Dataset entries:
#####

(* The influence (objective) function of the DIME problem is not adaptive submodular: there exist a DIME instance (an uncertain network with existence probabilities $u$, propagation probabilities $p$, and horizon $L$), partial realizations $\psi\subseteq\psi'$, and a node $v$ such that $\Delta(v\mid\psi)<\Delta(v\mid\psi')$.
   Context: An uncertain network is a directed graph $G=(V,E)$ whose edge set is the disjoint union of certain edges $E_c$ and uncertain edges $E_u$; each $e\in E_u$ exists independently with probability $u(e)$, and each $e\in E$ has a propagation probability $p(e)$. Influence model: influenced nodes stay influenced forever; at each time step, every influenced node $x$ independently tries to influence each not-yet-influenced out-neighbour $y$ along an existing edge $(x,y)$, succeeding with probability $p(x,y)$; failed attempts are repeated in every subsequent time step. A realization $\Phi$ specifies, for every uncertain edge, whether it exists. For a set $S\subseteq V$ of selected nodes, $f(S,\Phi)$ denotes the expected number of nodes influenced after $L$ time steps of spread starting from $S$ (all of $S$ influenced initially) in the network given by $\Phi$, with expectation over the propagation randomness. Selecting a node reveals (observes) the existence states of all uncertain edges leaving that node. A partial realization $\psi$ consists of a set $\mathrm{dom}(\psi)$ of selected nodes together with the observed states of the uncertain edges leaving them; $\Phi\sim\psi$ means $\Phi$ is consistent with these observations; $\psi\subseteq\psi'$ means $\mathrm{dom}(\psi)\subseteq\mathrm{dom}(\psi')$ and the observations agree. The conditional expected marginal benefit is $\Delta(v\mid\psi)=\mathbb{E}_{\Phi}[f(\mathrm{dom}(\psi)\cup\{v\},\Phi)-f(\mathrm{dom}(\psi),\Phi)\mid \Phi\sim\psi]$, with $\Phi$ drawn from the edge-existence distribution. The function is adaptive submodular (Golovin–Krause) if $\Delta(v\mid\psi)\ge\Delta(v\mid\psi')$ for all $\psi\subseteq\psi'$ and all $v$. *)

theory Defs
  imports Main Complex_Main
begin

definition step_prob :: "('a \<times> 'a) set \<Rightarrow> ('a \<times> 'a \<Rightarrow> real) \<Rightarrow> 'a set \<Rightarrow> 'a \<Rightarrow> real" where
  "step_prob E p A y = 1 - (\<Prod>x\<in>{x\<in>A. (x, y) \<in> E}. 1 - p (x, y))"

definition trans_prob :: "'a set \<Rightarrow> ('a \<times> 'a) set \<Rightarrow> ('a \<times> 'a \<Rightarrow> real) \<Rightarrow> 'a set \<Rightarrow> 'a set \<Rightarrow> real" where
  "trans_prob V E p A B =
     (if A \<subseteq> B \<and> B \<subseteq> V
      then (\<Prod>y\<in>B - A. step_prob E p A y) * (\<Prod>y\<in>V - B. 1 - step_prob E p A y)
      else 0)"

fun spread_dist :: "'a set \<Rightarrow> ('a \<times> 'a) set \<Rightarrow> ('a \<times> 'a \<Rightarrow> real) \<Rightarrow> nat \<Rightarrow> 'a set \<Rightarrow> 'a set \<Rightarrow> real" where
  "spread_dist V E p 0 S B = (if B = S then 1 else 0)"
| "spread_dist V E p (Suc t) S B = (\<Sum>A\<in>Pow V. spread_dist V E p t S A * trans_prob V E p A B)"

(* f(S, Phi): expected number of influenced nodes after L steps in the network
   whose existing edges are Ec \<union> Phi (Phi = set of existing uncertain edges). *)
definition influence :: "'a set \<Rightarrow> ('a \<times> 'a) set \<Rightarrow> ('a \<times> 'a \<Rightarrow> real) \<Rightarrow> nat \<Rightarrow> ('a \<times> 'a) set \<Rightarrow> 'a set \<Rightarrow> real" where
  "influence V Ec p L Phi S = (\<Sum>B\<in>Pow V. spread_dist V (Ec \<union> Phi) p L S B * real (card B))"

definition real_prob :: "('a \<times> 'a) set \<Rightarrow> ('a \<times> 'a \<Rightarrow> real) \<Rightarrow> ('a \<times> 'a) set \<Rightarrow> real" where
  "real_prob Eu u Phi = (\<Prod>e\<in>Phi. u e) * (\<Prod>e\<in>Eu - Phi. 1 - u e)"

(* A partial realization is a pair (D, O): D = dom(psi) the selected nodes,
   O = the observed-existing uncertain edges leaving D (the other uncertain edges
   leaving D are observed absent). *)
definition consistent :: "('a \<times> 'a) set \<Rightarrow> 'a set \<times> ('a \<times> 'a) set \<Rightarrow> ('a \<times> 'a) set \<Rightarrow> bool" where
  "consistent Eu psi Phi \<longleftrightarrow> Phi \<subseteq> Eu \<and>
     (\<forall>e\<in>Eu. fst e \<in> fst psi \<longrightarrow> (e \<in> Phi \<longleftrightarrow> e \<in> snd psi))"

definition partial_realization :: "'a set \<Rightarrow> ('a \<times> 'a) set \<Rightarrow> 'a set \<times> ('a \<times> 'a) set \<Rightarrow> bool" where
  "partial_realization V Eu psi \<longleftrightarrow> fst psi \<subseteq> V \<and> snd psi \<subseteq> {e\<in>Eu. fst e \<in> fst psi}"

definition subrealization :: "'a set \<times> ('a \<times> 'a) set \<Rightarrow> 'a set \<times> ('a \<times> 'a) set \<Rightarrow> bool" where
  "subrealization psi psi' \<longleftrightarrow> fst psi \<subseteq> fst psi' \<and> snd psi = {e\<in>snd psi'. fst e \<in> fst psi}"

definition psi_prob :: "('a \<times> 'a) set \<Rightarrow> ('a \<times> 'a \<Rightarrow> real) \<Rightarrow> 'a set \<times> ('a \<times> 'a) set \<Rightarrow> real" where
  "psi_prob Eu u psi = (\<Sum>Phi\<in>{Phi\<in>Pow Eu. consistent Eu psi Phi}. real_prob Eu u Phi)"

definition cond_marginal ::
  "'a set \<Rightarrow> ('a \<times> 'a) set \<Rightarrow> ('a \<times> 'a) set \<Rightarrow> ('a \<times> 'a \<Rightarrow> real) \<Rightarrow> ('a \<times> 'a \<Rightarrow> real) \<Rightarrow> nat
    \<Rightarrow> 'a \<Rightarrow> 'a set \<times> ('a \<times> 'a) set \<Rightarrow> real" where
  "cond_marginal V Ec Eu u p L v psi =
     (\<Sum>Phi\<in>{Phi\<in>Pow Eu. consistent Eu psi Phi}.
        real_prob Eu u Phi * (influence V Ec p L Phi (fst psi \<union> {v}) - influence V Ec p L Phi (fst psi)))
     / psi_prob Eu u psi"

definition uncertain_network ::
  "'a set \<Rightarrow> ('a \<times> 'a) set \<Rightarrow> ('a \<times> 'a) set \<Rightarrow> ('a \<times> 'a \<Rightarrow> real) \<Rightarrow> ('a \<times> 'a \<Rightarrow> real) \<Rightarrow> bool" where
  "uncertain_network V Ec Eu u p \<longleftrightarrow>
     finite V \<and> Ec \<union> Eu \<subseteq> V \<times> V \<and> Ec \<inter> Eu = {} \<and>
     (\<forall>e\<in>Eu. 0 \<le> u e \<and> u e \<le> 1) \<and>
     (\<forall>e\<in>Ec \<union> Eu. 0 \<le> p e \<and> p e \<le> 1)"

end

theory Submission
  imports Defs
begin

text \<open>
  Take nodes 0, 1, 2, 3 with certain edges 0 \<rightarrow> 1 and 3 \<rightarrow> 2, one uncertain edge 1 \<rightarrow> 2
  existing with probability 1/2, all propagation probabilities 1 and horizon 2; then the
  spread is deterministic. From the seed 0, node 3 gains the nodes 3 and 2 when the uncertain
  edge is absent, but only node 3 when it is present (node 2 is then reached from 0 anyway),
  so its expected gain is 3/2. Selecting node 1 reveals that the edge is absent, which raises
  the gain of node 3 to 2.
\<close>

definition spread_step :: "'a set \<Rightarrow> ('a \<times> 'a) set \<Rightarrow> 'a set \<Rightarrow> 'a set" where
  "spread_step V E A = A \<union> {y\<in>V. \<exists>x\<in>A. (x, y) \<in> E}"

lemma spread_step_subset: "A \<subseteq> V \<Longrightarrow> spread_step V E A \<subseteq> V"
  by (auto simp: spread_step_def)

lemma funpow_spread_step_subset: "S \<subseteq> V \<Longrightarrow> (spread_step V E ^^ t) S \<subseteq> V"
  by (induction t) (auto simp: spread_step_subset)

lemma step_prob_certain:
  assumes "finite A"
  shows "step_prob E (\<lambda>_. 1) A y = (if \<exists>x\<in>A. (x, y) \<in> E then 1 else 0)"
proof (cases "\<exists>x\<in>A. (x, y) \<in> E")
  case True
  then have "(\<Prod>x\<in>{x\<in>A. (x, y) \<in> E}. 1 - (1::real)) = 0"
    using assms by (intro prod_zero) auto
  with True show ?thesis by (simp add: step_prob_def)
next
  case False
  then have no_edges: "{x\<in>A. (x, y) \<in> E} = {}" by auto
  with False show ?thesis unfolding step_prob_def no_edges by simp
qed

lemma trans_prob_certain:
  assumes "finite V" "A \<subseteq> V"
  shows "trans_prob V E (\<lambda>_. 1) A B = (if B = spread_step V E A then 1 else 0)"
proof -
  note step = step_prob_certain[OF finite_subset[OF assms(2,1)]]
  consider "B = spread_step V E A" | "B \<noteq> spread_step V E A" "A \<subseteq> B" "B \<subseteq> V"
    | "\<not> (A \<subseteq> B \<and> B \<subseteq> V)"
    by blast
  then show ?thesis
  proof cases
    case 1
    have "(\<Prod>y\<in>B - A. step_prob E (\<lambda>_. 1) A y) = 1" "(\<Prod>y\<in>V - B. 1 - step_prob E (\<lambda>_. 1) A y) = 1"
      using 1 by (auto simp: step spread_step_def intro!: prod.neutral)
    with 1 assms(2) show ?thesis by (auto simp: trans_prob_def spread_step_def)
  next
    case 2
    then obtain y where
      "(y \<in> B - A \<and> \<not> (\<exists>x\<in>A. (x, y) \<in> E)) \<or> (y \<in> V - B \<and> (\<exists>x\<in>A. (x, y) \<in> E))"
      unfolding spread_step_def by blast
    moreover have "finite B" using 2 assms(1) finite_subset by blast
    ultimately have "(\<Prod>y\<in>B - A. step_prob E (\<lambda>_. 1) A y) = 0 \<or>
                     (\<Prod>y\<in>V - B. 1 - step_prob E (\<lambda>_. 1) A y) = 0"
      using assms(1) by (auto simp: step prod_zero_iff)
    with 2 show ?thesis by (auto simp: trans_prob_def)
  next
    case 3
    then show ?thesis using assms(2) spread_step_subset[of A V E]
      by (auto simp: trans_prob_def spread_step_def)
  qed
qed

lemma spread_dist_certain:
  assumes "finite V" "S \<subseteq> V"
  shows "spread_dist V E (\<lambda>_. 1) t S B = (if B = (spread_step V E ^^ t) S then 1 else 0)"
proof (induction t arbitrary: B)
  case 0
  then show ?case by simp
next
  case (Suc t)
  let ?C = "(spread_step V E ^^ t) S"
  have "spread_dist V E (\<lambda>_. 1) (Suc t) S B =
        (\<Sum>A\<in>Pow V. if A = ?C then trans_prob V E (\<lambda>_. 1) A B else 0)"
    unfolding spread_dist.simps Suc.IH by (intro sum.cong) auto
  also have "\<dots> = trans_prob V E (\<lambda>_. 1) ?C B"
    using funpow_spread_step_subset[OF assms(2)] assms(1) by simp
  also have "\<dots> = (if B = (spread_step V E ^^ Suc t) S then 1 else 0)"
    using trans_prob_certain[OF assms(1) funpow_spread_step_subset[OF assms(2)]] by simp
  finally show ?case .
qed

lemma influence_certain:
  assumes "finite V" "S \<subseteq> V"
  shows "influence V Ec (\<lambda>_. 1) L Phi S = card ((spread_step V (Ec \<union> Phi) ^^ L) S)"
proof -
  let ?C = "(spread_step V (Ec \<union> Phi) ^^ L) S"
  have "influence V Ec (\<lambda>_. 1) L Phi S = (\<Sum>B\<in>Pow V. if B = ?C then real (card B) else 0)"
    unfolding influence_def spread_dist_certain[OF assms] by (intro sum.cong) auto
  also have "\<dots> = card ?C"
    using funpow_spread_step_subset[OF assms(2)] assms(1) by simp
  finally show ?thesis .
qed

definition ex_nodes :: "nat set" where "ex_nodes = {0, 1, 2, 3}"
definition ex_certain_edges :: "(nat \<times> nat) set" where "ex_certain_edges = {(0, 1), (3, 2)}"
definition ex_uncertain_edges :: "(nat \<times> nat) set" where "ex_uncertain_edges = {(1, 2)}"
definition ex_existence_prob :: "nat \<times> nat \<Rightarrow> real" where "ex_existence_prob = (\<lambda>_. 1/2)"

abbreviation "ex_marginal \<equiv>
  cond_marginal ex_nodes ex_certain_edges ex_uncertain_edges ex_existence_prob (\<lambda>_. 1) 2 3"

lemma uncertain_network_ex:
  "uncertain_network ex_nodes ex_certain_edges ex_uncertain_edges ex_existence_prob (\<lambda>_. 1)"
  by (simp add: uncertain_network_def ex_nodes_def ex_certain_edges_def ex_uncertain_edges_def
      ex_existence_prob_def)

lemma real_prob_ex:
  "real_prob ex_uncertain_edges ex_existence_prob {} = 1/2"
  "real_prob ex_uncertain_edges ex_existence_prob {(1, 2)} = 1/2"
  by (simp_all add: real_prob_def ex_uncertain_edges_def ex_existence_prob_def)

lemma mem_ex_nodes: "x \<in> ex_nodes \<longleftrightarrow> x \<le> 3"
  by (auto simp: ex_nodes_def)

lemma spread_step_ex:
  "spread_step ex_nodes ex_certain_edges {0} = {0, 1}"
  "spread_step ex_nodes ex_certain_edges {0, 1} = {0, 1}"
  "spread_step ex_nodes ex_certain_edges {0, 3} = {0, 1, 2, 3}"
  "spread_step ex_nodes ex_certain_edges {0, 1, 3} = {0, 1, 2, 3}"
  "spread_step ex_nodes ex_certain_edges {0, 1, 2, 3} = {0, 1, 2, 3}"
  "spread_step ex_nodes (insert (1, 2) ex_certain_edges) {0} = {0, 1}"
  "spread_step ex_nodes (insert (1, 2) ex_certain_edges) {0, 1} = {0, 1, 2}"
  "spread_step ex_nodes (insert (1, 2) ex_certain_edges) {0, 3} = {0, 1, 2, 3}"
  "spread_step ex_nodes (insert (1, 2) ex_certain_edges) {0, 1, 2, 3} = {0, 1, 2, 3}"
  by (auto simp: spread_step_def ex_nodes_def ex_certain_edges_def)

lemma influence_ex:
  assumes "S \<subseteq> ex_nodes"
  shows "influence ex_nodes ex_certain_edges (\<lambda>_. 1) 2 Phi S =
    card (spread_step ex_nodes (ex_certain_edges \<union> Phi) (spread_step ex_nodes (ex_certain_edges \<union> Phi) S))"
  using influence_certain[OF _ assms] by (simp add: ex_nodes_def numeral_2_eq_2)

lemma consistent_ex:
  "{Phi\<in>Pow ex_uncertain_edges. consistent ex_uncertain_edges ({0}, {}) Phi} = {{}, {(1, 2)}}"
  "{Phi\<in>Pow ex_uncertain_edges. consistent ex_uncertain_edges ({0, 1}, {}) Phi} = {{}}"
  by (auto simp: consistent_def ex_uncertain_edges_def Pow_insert)

lemma ex_marginal_before: "ex_marginal ({0}, {}) = 3/2"
proof -
  have "psi_prob ex_uncertain_edges ex_existence_prob ({0}, {}) = 1"
    unfolding psi_prob_def consistent_ex by (simp add: real_prob_ex del: One_nat_def)
  moreover have "influence ex_nodes ex_certain_edges (\<lambda>_. 1) 2 {} {0, 3} = 4"
    "influence ex_nodes ex_certain_edges (\<lambda>_. 1) 2 {(1, 2)} {0, 3} = 4"
    "influence ex_nodes ex_certain_edges (\<lambda>_. 1) 2 {} {0} = 2"
    "influence ex_nodes ex_certain_edges (\<lambda>_. 1) 2 {(1, 2)} {0} = 3"
    by (subst influence_ex; simp add: mem_ex_nodes spread_step_ex del: One_nat_def)+
  ultimately show ?thesis
    unfolding cond_marginal_def consistent_ex
    by (simp add: real_prob_ex insert_commute del: One_nat_def)
qed

lemma psi_prob_ex_after: "psi_prob ex_uncertain_edges ex_existence_prob ({0, 1}, {}) = 1/2"
  unfolding psi_prob_def consistent_ex by (simp add: real_prob_ex del: One_nat_def)

lemma ex_marginal_after: "ex_marginal ({0, 1}, {}) = 2"
proof -
  have "influence ex_nodes ex_certain_edges (\<lambda>_. 1) 2 {} {0, 1, 3} = 4"
    "influence ex_nodes ex_certain_edges (\<lambda>_. 1) 2 {} {0, 1} = 2"
    by (subst influence_ex; simp add: mem_ex_nodes spread_step_ex del: One_nat_def)+
  then show ?thesis
    unfolding cond_marginal_def consistent_ex psi_prob_ex_after
    by (simp add: real_prob_ex insert_commute del: One_nat_def)
qed

theorem theorem3:
  shows "\<exists>(V :: nat set) Ec Eu u p (L :: nat) psi psi' v.
           uncertain_network V Ec Eu u p \<and>
           partial_realization V Eu psi \<and> partial_realization V Eu psi' \<and>
           subrealization psi psi' \<and> psi_prob Eu u psi' > 0 \<and> v \<in> V \<and>
           cond_marginal V Ec Eu u p L v psi < cond_marginal V Ec Eu u p L v psi'"
proof (intro exI conjI)
  show "uncertain_network ex_nodes ex_certain_edges ex_uncertain_edges ex_existence_prob (\<lambda>_. 1)"
    by (fact uncertain_network_ex)
  show "partial_realization ex_nodes ex_uncertain_edges ({0}, {})"
    "partial_realization ex_nodes ex_uncertain_edges ({0, 1}, {})"
    by (auto simp: partial_realization_def ex_nodes_def)
  show "subrealization ({0::nat}, {}) ({0, 1}, {})"
    by (auto simp: subrealization_def)
  show "psi_prob ex_uncertain_edges ex_existence_prob ({0, 1}, {}) > 0"
    unfolding psi_prob_ex_after by simp
  show "(3::nat) \<in> ex_nodes"
    by (simp add: ex_nodes_def)
  show "ex_marginal ({0}, {}) < ex_marginal ({0, 1}, {})"
    unfolding ex_marginal_before ex_marginal_after by simp
qed

end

#####

Show every line in the entries where the string "True" occurs.

• [Solution to the exercise]:
  case True
  with True show ?thesis by (simp add: step_prob_def)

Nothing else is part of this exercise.